* **Exercise goal**: All lines from the one with "(AE x in M. f x" through the end of the records below are to be given again exactly, and nothing else.

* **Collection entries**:
(* Let $\rho$ be a locally absolutely continuous function quasi-norm with the Fatou property over a $\sigma$-finite measure space $(\Omega,\Sigma,\mu)$, and let $(\Theta,\mathcal{T},\nu)$ be another $\sigma$-finite measure space. Let $f\colon\Omega\times\Theta\to[0,\infty]$ and $g\colon\Theta\times\Omega\to[0,\infty]$ be measurable with respect to the product $\sigma$-algebras. Then the functions $\Theta\to[0,\infty]$ given by $\theta\mapsto\rho(f(\cdot,\theta))$ and $\theta\mapsto\rho(g(\theta,\cdot))$ are measurable.
   Context: $L_0^+(\mu)$: measurable functions $\Omega\to[0,\infty]$ modulo a.e. equality. A function quasi-norm is $\rho\colon L_0^+(\mu)\to[0,\infty]$ with (F1) $\rho(tf)=t\rho(f)$, $t\ge0$; (F2) $f\le g$ a.e. $\Rightarrow\rho(f)\le\rho(g)$; (F3) $\rho(\chi_E)<\infty$ if $\mu(E)<\infty$; (F4) for all $E$ with $\mu(E)<\infty$ and $\varepsilon>0$ there is $\delta>0$ with $\mu(A)\le\varepsilon$ whenever $A\subseteq E$ measurable and $\rho(\chi_A)\le\delta$; (F5) $\rho(f+g)\le\kappa(\rho(f)+\rho(g))$. Fatou property: $\rho(\lim f_n)\le\lim\rho(f_n)$ for non-decreasing $(f_n)$. $h\in L_0^+(\mu)$ with $\rho(h)<\infty$ is absolutely continuous if $\lim_n\rho(f_n)=\rho(\lim_nf_n)$ for every non-increasing $(f_n)$ in $L_0^+(\mu)$ with $f_1\le h$; $\rho$ is locally absolutely continuous if $\chi_E$ is absolutely continuous for every $E\in\Sigma$ with $\mu(E)<\infty$. *)

theory Defs
  imports "HOL-Analysis.Analysis"
begin

text \<open>Elements of L_0^+(mu) are represented by Borel-measurable functions
  into ennreal; a functional rho on them is only considered on measurable arguments.
  Invariance under a.e. equality follows from (F2), stated with a.e. inequality.\<close>

definition function_quasi_norm :: "'a measure \<Rightarrow> (('a \<Rightarrow> ennreal) \<Rightarrow> ennreal) \<Rightarrow> bool" where
  "function_quasi_norm M \<rho> \<longleftrightarrow>
     (\<forall>f \<in> borel_measurable M. \<forall>t::real. t \<ge> 0 \<longrightarrow>
         \<rho> (\<lambda>x. ennreal t * f x) = ennreal t * \<rho> f) \<and>
     (\<forall>f \<in> borel_measurable M. \<forall>g \<in> borel_measurable M.
         (AE x in M. f x \<le> g x) \<longrightarrow> \<rho> f \<le> \<rho> g) \<and>
     (\<forall>E \<in> sets M. emeasure M E < \<infinity> \<longrightarrow> \<rho> (indicator E) < \<infinity>) \<and>
     (\<forall>E \<in> sets M. emeasure M E < \<infinity> \<longrightarrow>
        (\<forall>\<epsilon>::real. \<epsilon> > 0 \<longrightarrow> (\<exists>\<delta>::real. \<delta> > 0 \<and>
           (\<forall>A \<in> sets M. A \<subseteq> E \<longrightarrow> \<rho> (indicator A) \<le> ennreal \<delta>
               \<longrightarrow> emeasure M A \<le> ennreal \<epsilon>)))) \<and>
     (\<exists>\<kappa>::real. \<kappa> \<ge> 1 \<and> (\<forall>f \<in> borel_measurable M. \<forall>g \<in> borel_measurable M.
         \<rho> (\<lambda>x. f x + g x) \<le> ennreal \<kappa> * (\<rho> f + \<rho> g)))"

definition fatou_property :: "'a measure \<Rightarrow> (('a \<Rightarrow> ennreal) \<Rightarrow> ennreal) \<Rightarrow> bool" where
  "fatou_property M \<rho> \<longleftrightarrow>
     (\<forall>F :: nat \<Rightarrow> 'a \<Rightarrow> ennreal. (\<forall>n. F n \<in> borel_measurable M) \<longrightarrow>
        (AE x in M. incseq (\<lambda>n. F n x)) \<longrightarrow>
        \<rho> (\<lambda>x. SUP n. F n x) \<le> (SUP n. \<rho> (F n)))"

definition qn_absolutely_continuous ::
  "'a measure \<Rightarrow> (('a \<Rightarrow> ennreal) \<Rightarrow> ennreal) \<Rightarrow> ('a \<Rightarrow> ennreal) \<Rightarrow> bool" where
  "qn_absolutely_continuous M \<rho> h \<longleftrightarrow>
     h \<in> borel_measurable M \<and> \<rho> h < \<infinity> \<and>
     (\<forall>F :: nat \<Rightarrow> 'a \<Rightarrow> ennreal. (\<forall>n. F n \<in> borel_measurable M) \<longrightarrow>
        (AE x in M. decseq (\<lambda>n. F n x)) \<longrightarrow>
        (AE x in M. F 0 x \<le> h x) \<longrightarrow>
        (\<lambda>n. \<rho> (F n)) \<longlonglongrightarrow> \<rho> (\<lambda>x. INF n. F n x))"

* **Response to this exercise**:
         (AE x in M. f x \<le> g x) \<longrightarrow> \<rho> f \<le> \<rho> g) \<and>
     (\<forall>E \<in> sets M. emeasure M E < \<infinity> \<longrightarrow> \<rho> (indicator E) < \<infinity>) \<and>
     (\<forall>E \<in> sets M. emeasure M E < \<infinity> \<longrightarrow>
        (\<forall>\<epsilon>::real. \<epsilon> > 0 \<longrightarrow> (\<exists>\<delta>::real. \<delta> > 0 \<and>
           (\<forall>A \<in> sets M. A \<subseteq> E \<longrightarrow> \<rho> (indicator A) \<le> ennreal \<delta>
               \<longrightarrow> emeasure M A \<le> ennreal \<epsilon>)))) \<and>
     (\<exists>\<kappa>::real. \<kappa> \<ge> 1 \<and> (\<forall>f \<in> borel_measurable M. \<forall>g \<in> borel_measurable M.
         \<rho> (\<lambda>x. f x + g x) \<le> ennreal \<kappa> * (\<rho> f + \<rho> g)))"

definition fatou_property :: "'a measure \<Rightarrow> (('a \<Rightarrow> ennreal) \<Rightarrow> ennreal) \<Rightarrow> bool" where
  "fatou_property M \<rho> \<longleftrightarrow>
     (\<forall>F :: nat \<Rightarrow> 'a \<Rightarrow> ennreal. (\<forall>n. F n \<in> borel_measurable M) \<longrightarrow>
        (AE x in M. incseq (\<lambda>n. F n x)) \<longrightarrow>
        \<rho> (\<lambda>x. SUP n. F n x) \<le> (SUP n. \<rho> (F n)))"

definition qn_absolutely_continuous ::
  "'a measure \<Rightarrow> (('a \<Rightarrow> ennreal) \<Rightarrow> ennreal) \<Rightarrow> ('a \<Rightarrow> ennreal) \<Rightarrow> bool" where
  "qn_absolutely_continuous M \<rho> h \<longleftrightarrow>
     h \<in> borel_measurable M \<and> \<rho> h < \<infinity> \<and>
     (\<forall>F :: nat \<Rightarrow> 'a \<Rightarrow> ennreal. (\<forall>n. F n \<in> borel_measurable M) \<longrightarrow>
        (AE x in M. decseq (\<lambda>n. F n x)) \<longrightarrow>
        (AE x in M. F 0 x \<le> h x) \<longrightarrow>
        (\<lambda>n. \<rho> (F n)) \<longlonglongrightarrow> \<rho> (\<lambda>x. INF n. F n x))"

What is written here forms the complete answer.